Saturday, July 18, 2009

Making BooleanQueries faster

At work today, we were looking optimize boolean queries of the type:

f1:v1^b1 OR f1:v2^b2 OR f1:v3^b3 ...
f1:v1^b1 AND f1:v2^b2 AND f1:v3^b3 ...

where f1 is a field of some structured data (e.g. Analyze=No, tf=No, norm=No)

We see that this type of query has these patterns:
  1. all values are in the same field
  2. all clauses have the same operator joining them
When the number of clause is large, BooleanQuery can be rather slow.

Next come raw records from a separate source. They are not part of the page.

section \<open>From trigonometric polynomials to algebraic polynomials\<close>

text \<open>The polynomial Q with e^{iNt} (sum_{k<=N} A_k cos kt + B_k sin kt) = Q(e^{it}):
  each harmonic contributes the two monomials z^{N+k} and z^{N-k}.\<close>

definition laurent_shift :: "nat \<Rightarrow> (nat \<Rightarrow> real) \<Rightarrow> (nat \<Rightarrow> real) \<Rightarrow> complex poly" where
  "laurent_shift N A B =
     (\<Sum>k\<le>N. monom ((of_real (A k) - \<i> * of_real (B k)) / 2) (N + k)
            + monom ((of_real (A k) + \<i> * of_real (B k)) / 2) (N - k))"

lemma poly_laurent_shift_cis:
  "poly (laurent_shift N A B) (cis t)
     = cis t ^ N * of_real (\<Sum>k\<le>N. A k * cos (real k * t) + B k * sin (real k * t))"
proof -
  have harmonic: "(of_real (A k) - \<i> * of_real (B k)) / 2 * cis t ^ (N + k)
                + (of_real (A k) + \<i> * of_real (B k)) / 2 * cis t ^ (N - k)
      = cis t ^ N * of_real (A k * cos (real k * t) + B k * sin (real k * t))"
    if k: "k \<le> N" for k
  proof -
    define w where "w = cis t ^ k"
    have w_unit: "w * cnj w = 1" unfolding w_def
      by (simp add: power_mult_distrib[symmetric] cis_cnj cis_mult)
    have up: "cis t ^ (N + k) = cis t ^ N * w" unfolding w_def by (simp add: power_add)
    have "cis t ^ N = cis t ^ (N - k) * w" unfolding w_def using k by (simp add: power_add[symmetric])
    then have down: "cis t ^ (N - k) = cis t ^ N * cnj w"
      using w_unit by (metis mult.assoc mult.right_neutral)
    have w_cis: "w = cis (real k * t)" unfolding w_def by (rule Complex.DeMoivre)
    have pair: "(of_real (A k) - \<i> * of_real (B k)) / 2 * w
              + (of_real (A k) + \<i> * of_real (B k)) / 2 * cnj w
        = of_real (A k * cos (real k * t) + B k * sin (real k * t))"
      unfolding w_cis cis_cnj by (simp add: complex_eq_iff field_simps)
    show ?thesis unfolding up down pair[symmetric] by (simp add: algebra_simps)
  qed
  have "poly (laurent_shift N A B) (cis t)
      = (\<Sum>k\<le>N. (of_real (A k) - \<i> * of_real (B k)) / 2 * cis t ^ (N + k)
                + (of_real (A k) + \<i> * of_real (B k)) / 2 * cis t ^ (N - k))"
    unfolding laurent_shift_def by (simp add: poly_sum poly_monom)
  also have "\<dots> = (\<Sum>k\<le>N. cis t ^ N * of_real (A k * cos (real k * t) + B k * sin (real k * t)))"
    by (intro sum.cong refl harmonic) simp
  finally show ?thesis by (simp add: sum_distrib_left)
qed

lemma coeff_laurent_shift:
  assumes "N \<ge> 1"
  shows "coeff (laurent_shift N A B) (2*N) = (of_real (A N) - \<i> * of_real (B N)) / 2"
    and "coeff (laurent_shift N A B) 0 = (of_real (A N) + \<i> * of_real (B N)) / 2"
    and "degree (laurent_shift N A B) \<le> 2*N"
proof -
  have coeff: "coeff (laurent_shift N A B) j =
      (\<Sum>k\<le>N. (if N + k = j then (of_real (A k) - \<i> * of_real (B k)) / 2 else 0)
             + (if N - k = j then (of_real (A k) + \<i> * of_real (B k)) / 2 else 0))" for j
    unfolding laurent_shift_def by (simp add: coeff_sum coeff_monom)
  have "coeff (laurent_shift N A B) (2*N)
      = (\<Sum>k\<le>N. if k = N then (of_real (A k) - \<i> * of_real (B k)) / 2 else 0)"
    unfolding coeff using assms by (intro sum.cong) auto
  then show "coeff (laurent_shift N A B) (2*N) = (of_real (A N) - \<i> * of_real (B N)) / 2"
    by simp
  have "coeff (laurent_shift N A B) 0
      = (\<Sum>k\<le>N. if k = N then (of_real (A k) + \<i> * of_real (B k)) / 2 else 0)"
    unfolding coeff using assms by (intro sum.cong) auto
  then show "coeff (laurent_shift N A B) 0 = (of_real (A N) + \<i> * of_real (B N)) / 2"
    by simp
  show "degree (laurent_shift N A B) \<le> 2*N"
    by (rule degree_le) (auto simp: coeff intro!: sum.neutral)
qed

text \<open>Every f in F_n(y) is (y/2) e^{-int} Q(e^{it}) in modulus, with Q monic of degree
  2n and Q(0) = 1 (the two extreme coefficients both come from y cos nt).\<close>

lemma polynomial_of_F_y:
  assumes n: "n \<ge> 1" and y: "y > 0" and g: "trig_poly (n-1) g"
  shows "\<exists>Q::complex poly. degree Q = 2*n \<and> lead_coeff Q = 1 \<and> poly Q 0 = 1 \<and>
           (\<forall>t. cmod (poly Q (cis t)) = (2/y) * \<bar>y * cos (real n * t) + g t\<bar>)"
proof -
  obtain a b where g_def: "g = (\<lambda>t. \<Sum>k\<le>n-1. a k * cos (real k * t) + b k * sin (real k * t))"
    using g unfolding trig_poly_def by blast
  define A where "A = a(n := y)"
  define B where "B = b(n := 0)"
  have f_sum: "y * cos (real n * t) + g t
      = (\<Sum>k\<le>n. A k * cos (real k * t) + B k * sin (real k * t))" for t
  proof -
    obtain m where m: "n = Suc m" using n by (cases n) auto
    have "(\<Sum>k\<le>n. A k * cos (real k * t) + B k * sin (real k * t))
        = (\<Sum>k\<le>m. A k * cos (real k * t) + B k * sin (real k * t))
          + (A n * cos (real n * t) + B n * sin (real n * t))"
      unfolding m by (rule sum.atMost_Suc)
    also have "(\<Sum>k\<le>m. A k * cos (real k * t) + B k * sin (real k * t)) = g t"
      unfolding g_def m A_def B_def by (intro sum.cong) auto
    finally show ?thesis unfolding A_def B_def by simp
  qed
  define Q where "Q = smult (of_real (2/y)) (laurent_shift n A B)"
  note coeffs = coeff_laurent_shift[OF n, of A B]
  have top: "coeff Q (2*n) = 1" and bottom: "coeff Q 0 = 1"
    unfolding Q_def using y coeffs(1,2) by (simp_all add: A_def B_def mult.commute)
  have "degree Q \<le> 2*n" unfolding Q_def using coeffs(3) by simp
  then have deg: "degree Q = 2*n" using top le_degree[of Q "2*n"] by simp
  moreover have "lead_coeff Q = 1" using deg top by simp
  moreover have "poly Q 0 = 1" using bottom by (simp add: poly_0_coeff_0)
  moreover have "cmod (poly Q (cis t)) = (2/y) * \<bar>y * cos (real n * t) + g t\<bar>" for t
  proof -
    have "poly Q (cis t) = of_real (2/y) * (cis t ^ n * of_real (y * cos (real n * t) + g t))"
      unfolding Q_def f_sum by (simp only: poly_smult poly_laurent_shift_cis)
    then show ?thesis using y by (simp only: norm_mult norm_power norm_cis norm_of_real) simp
  qed
  ultimately show ?thesis by blast
qed

section \<open>From unimodular polynomials to trigonometric polynomials\<close>

text \<open>For a unimodular root x, the square root s of x turns the factor e^{it} - x,
  multiplied by conj(i s) e^{-it/2}, into the real number 2 sin((t - arg x)/2).\<close>

lemma half_angle_factor:
  fixes x :: complex
  assumes x: "cmod x = 1"
  defines "s \<equiv> cis (Arg x / 2)"
  shows "(\<i> * s)^2 = - x" "Im (cnj (\<i> * s) * cis (- (t / 2)) * (cis t - x)) = 0"
proof -
  have "x \<noteq> 0" using x by auto
  have s2: "s^2 = x"
  proof -
    have "s^2 = cis (real 2 * (Arg x / 2))" unfolding s_def by (rule Complex.DeMoivre)
    also have "\<dots> = x" using cis_Arg[OF \<open>x \<noteq> 0\<close>] x by (simp add: sgn_div_norm)
    finally show ?thesis .
  qed
  then show "(\<i> * s)^2 = - x" by (simp add: power_mult_distrib)
  define w where "w = cis (t / 2)"
  have ww: "cnj w * w = 1" unfolding w_def by (simp add: cis_cnj cis_mult)
  have ss: "cnj s * s = 1" unfolding s_def by (simp add: cis_cnj cis_mult)
  have ct: "cis t = w^2" unfolding w_def by (simp add: Complex.DeMoivre)
  have cm: "cis (- (t / 2)) = cnj w" unfolding w_def by (simp add: cis_cnj)
  define z where "z = cnj s * w"
  have "cnj (\<i> * s) * cis (- (t / 2)) * (cis t - x)
      = - \<i> * (cnj s * cnj w * w^2 - cnj s * cnj w * s^2)"
    unfolding cm ct s2[symmetric] by (simp add: algebra_simps)
  also have "cnj s * cnj w * w^2 = z" unfolding z_def power2_eq_square
    using ww by (metis mult.assoc mult.commute mult.left_neutral)
  also have "cnj s * cnj w * s^2 = cnj z" unfolding z_def power2_eq_square
    using ss by (simp add: algebra_simps)
  finally have rotated: "cnj (\<i> * s) * cis (- (t / 2)) * (cis t - x) = - \<i> * (z - cnj z)" .
  show "Im (cnj (\<i> * s) * cis (- (t / 2)) * (cis t - x)) = 0" unfolding rotated by simp
qed

lemma half_angle_product:
  fixes M :: "complex multiset"
  assumes "\<forall>x\<in>#M. cmod x = 1"
  shows "cmod (\<Prod>x\<in>#M. \<i> * cis (Arg x / 2)) = 1 \<and>
    (\<Prod>x\<in>#M. \<i> * cis (Arg x / 2))^2 = (\<Prod>x\<in>#M. - x) \<and>
    (\<forall>t. Im (cnj (\<Prod>x\<in>#M. \<i> * cis (Arg x / 2)) * cis (- (real (size M) * t / 2))
               * (\<Prod>x\<in>#M. cis t - x)) = 0)"
  using assms
proof (induction M)
  case empty
  then show ?case by simp
next
  case (add x M)
  define L where "L = (\<Prod>x\<in>#M. \<i> * cis (Arg x / 2))"
  define s where "s = cis (Arg x / 2)"
  have IH: "cmod L = 1 \<and> L^2 = (\<Prod>x\<in>#M. - x) \<and>
    (\<forall>t. Im (cnj L * cis (- (real (size M) * t / 2)) * (\<Prod>x\<in>#M. cis t - x)) = 0)"
    unfolding L_def by (rule add.IH) (use add.prems in simp)
  have x: "cmod x = 1" using add.prems by simp
  note half = half_angle_factor[OF x, folded s_def]
  have "cmod (\<i> * s * L) = 1" using IH unfolding s_def by (simp add: norm_mult)
  moreover have "(\<i> * s * L)^2 = - x * (\<Prod>x\<in>#M. - x)"
    using IH half(1) by (simp add: power_mult_distrib)
  moreover have "Im (cnj (\<i> * s * L) * cis (- (real (Suc (size M)) * t / 2))
                   * ((cis t - x) * (\<Prod>x\<in>#M. cis t - x))) = 0" for t
  proof -
    have split: "cis (- (real (Suc (size M)) * t / 2)) = cis (- (t/2)) * cis (- (real (size M) * t / 2))"
      by (simp add: cis_mult algebra_simps add_divide_distrib)
    define u where "u = cnj (\<i> * s) * cis (- (t / 2)) * (cis t - x)"
    define v where "v = cnj L * cis (- (real (size M) * t / 2)) * (\<Prod>x\<in>#M. cis t - x)"
    have "cnj (\<i> * s * L) * cis (- (real (Suc (size M)) * t / 2))
            * ((cis t - x) * (\<Prod>x\<in>#M. cis t - x)) = u * v"
      unfolding u_def v_def split complex_cnj_mult by (simp only: mult_ac)
    moreover have "Im u = 0" unfolding u_def by (rule half(2))
    moreover have "Im v = 0" unfolding v_def using IH by blast
    ultimately show ?thesis by simp
  qed
  ultimately show ?case unfolding L_def s_def by (simp add: mult_ac)
qed

lemma unimodular_real_rotation:
  assumes P: "P \<in> unimodular_monic (2*n)"
  shows "\<exists>L. cmod L = 1 \<and> coeff P 0 = L^2 \<and>
             (\<forall>t. Im (cnj L * cis (- (real n * t)) * poly P (cis t)) = 0)"
proof -
  have deg: "degree P = 2*n" and monic: "lead_coeff P = 1"
    and roots: "\<forall>z. poly P z = 0 \<longrightarrow> cmod z = 1"
    using P unfolding unimodular_monic_def by auto
  define M where "M = proots P"
  have "P \<noteq> 0" using monic by auto
  have P_prod: "P = (\<Prod>x\<in>#M. [:- x, 1:])"
    using complex_poly_decompose_multiset[of P] monic unfolding M_def by simp
  have poly_P: "poly P z = (\<Prod>x\<in>#M. z - x)" for z
    by (subst P_prod) (simp add: poly_prod_mset)
  have size_M: "real (size M) * t / 2 = real n * t" for t
    unfolding M_def using size_proots_complex[of P] deg by simp
  have "\<forall>x\<in>#M. cmod x = 1" using roots \<open>P \<noteq> 0\<close> unfolding M_def by simp
  note L = half_angle_product[OF this]
  show ?thesis
  proof (intro exI conjI allI)
    show "cmod (\<Prod>x\<in>#M. \<i> * cis (Arg x / 2)) = 1" using L by blast
    show "coeff P 0 = (\<Prod>x\<in>#M. \<i> * cis (Arg x / 2))^2"
      using L poly_P[of 0] by (simp add: poly_0_coeff_0)
    show "Im (cnj (\<Prod>x\<in>#M. \<i> * cis (Arg x / 2)) * cis (- (real n * t)) * poly P (cis t)) = 0" for t
      using L unfolding poly_P size_M by metis
  qed
qed

lemma rotated_poly_expansion:
  assumes n: "n \<ge> 1" and deg: "degree P = 2*n" and monic: "lead_coeff P = 1"
    and L: "cmod L = 1" "coeff P 0 = L^2"
  shows "Re (cnj L * cis (- (real n * t)) * poly P (cis t))
       = 2 * cos (real n * t - Arg L)
         + (\<Sum>k\<in>{1..<2*n}. Re (cnj L * coeff P k * cis ((real k - real n) * t)))"
proof -
  define e where "e k = cnj L * coeff P k" for k
  have "L \<noteq> 0" using L(1) by auto
  then have L_cis: "L = cis (Arg L)"
    using cis_Arg L(1) by (simp add: sgn_div_norm)
  have e_top: "e (2*n) = cnj L" unfolding e_def using monic deg by simp
  have e_bottom: "e 0 = L"
  proof -
    have "cnj L * L = 1" using L(1) complex_norm_square[of L] by (simp add: mult.commute)
    then show ?thesis unfolding e_def L(2) power2_eq_square by (metis mult.assoc mult.left_neutral)
  qed
  have harmonics: "cnj L * cis (- (real n * t)) * poly P (cis t)
      = (\<Sum>k\<le>2*n. e k * cis ((real k - real n) * t))"
  proof -
    have "cis (- (real n * t)) * cis t ^ k = cis ((real k - real n) * t)" for k
      by (simp add: Complex.DeMoivre cis_mult algebra_simps)
    then show ?thesis
      unfolding poly_altdef deg e_def by (simp add: sum_distrib_left mult_ac)
  qed
  have "{..2*n} = insert 0 (insert (2*n) {1..<2*n})" using n by auto
  then have "Re (\<Sum>k\<le>2*n. e k * cis ((real k - real n) * t))
      = Re (e 0 * cis (- (real n * t))) + Re (e (2*n) * cis (real n * t))
        + (\<Sum>k\<in>{1..<2*n}. Re (e k * cis ((real k - real n) * t)))"
    using n by (simp add: Re_sum add.assoc)
  also have "Re (e 0 * cis (- (real n * t))) = cos (real n * t - Arg L)"
  proof -
    have "cos (Arg L - real n * t) = cos (real n * t - Arg L)" by (metis cos_minus minus_diff_eq)
    then show ?thesis unfolding e_bottom by (subst L_cis) (simp add: cis_mult)
  qed
  also have "Re (e (2*n) * cis (real n * t)) = cos (real n * t - Arg L)"
    unfolding e_top by (subst L_cis) (simp add: cis_cnj cis_mult)
  finally show ?thesis unfolding harmonics e_def by simp
qed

As of Lucene 2.4, Lucene query api has adopted DocIdSet, and DocIdSetIterator abstractions, which opened doors for various query optimizations. (IMHO, this is one of the best improvements in Lucene from an API stand point.)

For our project, we have quite a few OR-clauses, and the search performance was pretty bad.

Instead, when the index loads, we load into memory a datastructure very much like the FieldCache.StringIndex. In a 5 million index shard, for a field containing N values, memory footprint is approxmiately 20MB + N Strings.

Given K clauses in our OR query, we build a BitSet with K bits turned on, each bit corresponding to an index into String array. (max bit is N)

We then built a DocIdSetIterator that iterates the order array and checks to see if the order[i]-bit is turned on in the bitset.

The resulting performance is quite encouraging: As the number of clauses increases, the iteration time is capped. From our benchmark, when we get to 10+ clauses, the performance gain is approximately 8x!

Here is a detailed write-up:

This is an example of how good API design can open doors to things such as what we were able to do.

Kudos to the Lucene team for the DocIdSet api!